Information:
(* Consider the no-slip billiard in a circular solid cylinder $\mathcal{B}\subset\mathbb{R}^3$ with axis vector $e$, whose moving particle is subject to a constant force directed along the axis of the cylinder. If the first collision satisfies the transversal rolling impact condition and the first flight segment does not pass through the axis of the cylinder, then the particle's trajectory is bounded.
   Context: The moving particle is a ball of radius $r>0$ with a rotationally symmetric mass distribution of total mass $m$ whose second-moment matrix per unit mass is $\lambda I$, $\lambda=(r\gamma)^2/2$, $\gamma>0$. Put $c=\frac{1-\gamma^2}{1+\gamma^2}$, $s=\frac{2\gamma}{1+\gamma^2}$, and for $a,b\in\mathbb{R}^3$ let $a\wedge b\in\mathfrak{so}(3)$ be $(a\wedge b)x=(a\cdot x)b-(b\cdot x)a$. The billiard domain $\mathcal{B}$ (the set of admissible centers) is $\{x:|x-(x\cdot e)e|\le R-r\}$ for some $R>r$; at $a\in\partial\mathcal{B}$, $\nu_a$ is the unit normal pointing into $\mathcal{B}$. A state is $(a,u,U)$ with $u$ the center-of-mass velocity and $U\in\mathfrak{so}(3)$ the angular velocity matrix (a material point at $x$ has velocity $U(x-a)+u$). Between collisions $U$ is constant and the center of mass moves with constant acceleration $F/m$, $F$ the constant force; at a collision at $a$ the pre-collision $(u,U)$ is replaced by $C_a(u,U)=\big(cu-\tfrac{s}{\gamma}(u\cdot\nu_a)\nu_a+s\gamma rU\nu_a,\ \tfrac{s}{\gamma r}\nu_a\wedge u+U-\tfrac{s}{\gamma}\nu_a\wedge U\nu_a\big)$. A pre-collision state $(a,u,U)$ satisfies the transversal rolling impact condition if the orthogonal projection of $v=u-rU\nu_a$ onto $e^\perp\cap T_a\partial\mathcal{B}$ is zero; equivalently, with $\omega$ defined by $Ux=\omega\times x$ and $\tau_a=\nu_a\times e$, $u\cdot\tau_a+r\,\omega\cdot e=0$. *)

theory Defs
  imports "HOL-Analysis.Analysis" "HOL-Analysis.Cross3"
begin

text \<open>Vectors in R^3 and 3x3 matrices (angular velocity matrices U in so(3)).
  The cylinder axis is the line through the origin spanned by the unit vector e.\<close>

definition perp :: "real^3 \<Rightarrow> real^3 \<Rightarrow> real^3" where
  "perp e x = x - (x \<bullet> e) *\<^sub>R e"

text \<open>Billiard domain (admissible centers), its boundary, and the axis.\<close>
definition cylB :: "real^3 \<Rightarrow> real \<Rightarrow> real \<Rightarrow> (real^3) set" where
  "cylB e R r = {x. norm (perp e x) \<le> R - r}"

definition cylBd :: "real^3 \<Rightarrow> real \<Rightarrow> real \<Rightarrow> (real^3) set" where
  "cylBd e R r = {x. norm (perp e x) = R - r}"

definition axis :: "real^3 \<Rightarrow> (real^3) set" where
  "axis e = {x. perp e x = 0}"

definition nrm :: "real^3 \<Rightarrow> real^3 \<Rightarrow> real^3" where
  "nrm e a = - ((1 / norm (perp e a)) *\<^sub>R perp e a)"

definition wedge :: "real^3 \<Rightarrow> real^3 \<Rightarrow> real^3^3" where
  "wedge a b = (\<chi> i j. b $ i * a $ j - a $ i * b $ j)"

definition cc :: "real \<Rightarrow> real" where "cc \<gamma> = (1 - \<gamma>^2) / (1 + \<gamma>^2)"
definition ss :: "real \<Rightarrow> real" where "ss \<gamma> = 2 * \<gamma> / (1 + \<gamma>^2)"

definition coll_u :: "real \<Rightarrow> real \<Rightarrow> real^3 \<Rightarrow> real^3 \<Rightarrow> real^3^3 \<Rightarrow> real^3" where
  "coll_u \<gamma> r \<nu> u U =
     cc \<gamma> *\<^sub>R u - (ss \<gamma> / \<gamma> * (u \<bullet> \<nu>)) *\<^sub>R \<nu> + (ss \<gamma> * \<gamma> * r) *\<^sub>R (U *v \<nu>)"

definition coll_U :: "real \<Rightarrow> real \<Rightarrow> real^3 \<Rightarrow> real^3 \<Rightarrow> real^3^3 \<Rightarrow> real^3^3" where
  "coll_U \<gamma> r \<nu> u U =
     (ss \<gamma> / (\<gamma> * r)) *\<^sub>R wedge \<nu> u + U - (ss \<gamma> / \<gamma>) *\<^sub>R wedge \<nu> (U *v \<nu>)"

definition flight ::
  "real^3 \<Rightarrow> real \<Rightarrow> real \<Rightarrow> real \<Rightarrow> real^3
   \<Rightarrow> (nat \<Rightarrow> real^3) \<Rightarrow> (nat \<Rightarrow> real^3) \<Rightarrow> (nat \<Rightarrow> real^3^3) \<Rightarrow> nat \<Rightarrow> real \<Rightarrow> real^3" where
  "flight e r \<gamma> m F a u U k s =
     a k + s *\<^sub>R coll_u \<gamma> r (nrm e (a k)) (u k) (U k) + (s^2 / (2 * m)) *\<^sub>R F"

text \<open>Admissible time parameters of the k-th flight segment; the last flight
  (if there are only finitely many collisions, N of them) lasts forever.\<close>
definition flight_dom :: "enat \<Rightarrow> (nat \<Rightarrow> real) \<Rightarrow> nat \<Rightarrow> real set" where
  "flight_dom N t k = {s. 0 \<le> s \<and> (enat (Suc k) < N \<longrightarrow> s \<le> t (Suc k) - t k)}"

text \<open>A no-slip billiard orbit starting at its first collision: N \<ge> 1 collisions
  (possibly infinitely many), at times t k, at centers a k, with pre-collision
  velocities u k, U k.\<close>
definition orbit ::
  "real^3 \<Rightarrow> real \<Rightarrow> real \<Rightarrow> real \<Rightarrow> real \<Rightarrow> real^3 \<Rightarrow> enat
   \<Rightarrow> (nat \<Rightarrow> real) \<Rightarrow> (nat \<Rightarrow> real^3) \<Rightarrow> (nat \<Rightarrow> real^3) \<Rightarrow> (nat \<Rightarrow> real^3^3) \<Rightarrow> bool" where
  "orbit e R r \<gamma> m F N t a u U \<longleftrightarrow>
     1 \<le> N \<and>
     (\<forall>k. enat k < N \<longrightarrow> a k \<in> cylBd e R r) \<and>
     (\<forall>k. enat (Suc k) < N \<longrightarrow>
        t k < t (Suc k) \<and>
        (\<forall>s. 0 < s \<and> s < t (Suc k) - t k \<longrightarrow>
             norm (perp e (flight e r \<gamma> m F a u U k s)) < R - r) \<and>
        a (Suc k) = flight e r \<gamma> m F a u U k (t (Suc k) - t k) \<and>
        u (Suc k) = coll_u \<gamma> r (nrm e (a k)) (u k) (U k) + ((t (Suc k) - t k) / m) *\<^sub>R F \<and>
        U (Suc k) = coll_U \<gamma> r (nrm e (a k)) (u k) (U k)) \<and>
     (\<forall>k. N = enat (Suc k) \<longrightarrow>
        (\<forall>s. 0 < s \<longrightarrow> norm (perp e (flight e r \<gamma> m F a u U k s)) < R - r))"

text \<open>Transversal rolling impact condition at a pre-collision state (a,u,U):
  the projection of v = u - r U nu_a onto e-perp \<inter> T_a(boundary) = span(nu_a x e) vanishes.\<close>
definition trans_rolling :: "real^3 \<Rightarrow> real \<Rightarrow> real^3 \<Rightarrow> real^3 \<Rightarrow> real^3^3 \<Rightarrow> bool" where
  "trans_rolling e r a u U \<longleftrightarrow>
     (let \<nu> = nrm e a; \<tau> = cross3 \<nu> e; v = u - r *\<^sub>R (U *v \<nu>) in (v \<bullet> \<tau>) *\<^sub>R \<tau> = 0)"

end

theory Submission
  imports Defs
begin

(* Projected to the plane orthogonal to the axis, the centre performs an ordinary billiard in
   the disc of radius R - r: the force is axial, and under the transversal rolling condition,
   which every later collision inherits, the collision map reflects the horizontal velocity
   specularly.  Hence all flights last the same time and consecutive normals differ by a fixed
   rotation.  The axial velocity p and the components A, B of r times the angular velocity
   along the rotating tangent and normal then obey an affine recurrence that is orthogonal for
   p^2 + gamma^2 (A^2 + B^2) around its fixed point, so they stay bounded; finally the height
   increments telescope against a bounded potential, so the height stays bounded too. *)

unbundle cross3_syntax

section \<open>Frames adapted to the axis\<close>

lemma perp_add: "perp e (x + y) = perp e x + perp e y"
  and perp_scaleR: "perp e (c *\<^sub>R x) = c *\<^sub>R perp e x"
  unfolding perp_def by (simp_all add: inner_add_left inner_diff_left algebra_simps)

lemma perp_self: "e \<bullet> e = 1 \<Longrightarrow> perp e e = 0"
  unfolding perp_def by simp

lemma perp_inner_axis: "e \<bullet> e = 1 \<Longrightarrow> perp e x \<bullet> e = 0"
  unfolding perp_def by (simp add: inner_diff_left)

lemma perp_inner: "\<nu> \<bullet> e = 0 \<Longrightarrow> perp e x \<bullet> \<nu> = x \<bullet> \<nu>"
  unfolding perp_def by (simp add: inner_diff_left inner_commute[of e \<nu>])

lemma inner_perp_cross: "x \<bullet> (perp e x \<times> e) = 0"
proof -
  have "x = perp e x + (x \<bullet> e) *\<^sub>R e" unfolding perp_def by simp
  then have "x \<bullet> (perp e x \<times> e) = perp e x \<bullet> (perp e x \<times> e) + (x \<bullet> e) * (e \<bullet> (perp e x \<times> e))"
    by (metis inner_add_left inner_scaleR_left)
  then show ?thesis by (simp add: dot_cross_self)
qed

lemma norm_le_perp_plus_axial: "norm e = 1 \<Longrightarrow> norm x \<le> norm (perp e x) + \<bar>x \<bullet> e\<bar>"
  using norm_triangle_ineq[of "perp e x" "(x \<bullet> e) *\<^sub>R e"] by (simp add: perp_def)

Exercise directions:
Find the word "close" in the entries above. Copy every line that has it.

Solution to the problem:
  The cylinder axis is the line through the origin spanned by the unit vector e.\<close>
text \<open>Billiard domain (admissible centers), its boundary, and the axis.\<close>
  (if there are only finitely many collisions, N of them) lasts forever.\<close>
  velocities u k, U k.\<close>
  the projection of v = u - r U nu_a onto e-perp \<inter> T_a(boundary) = span(nu_a x e) vanishes.\<close>
section \<open>Frames adapted to the axis\<close>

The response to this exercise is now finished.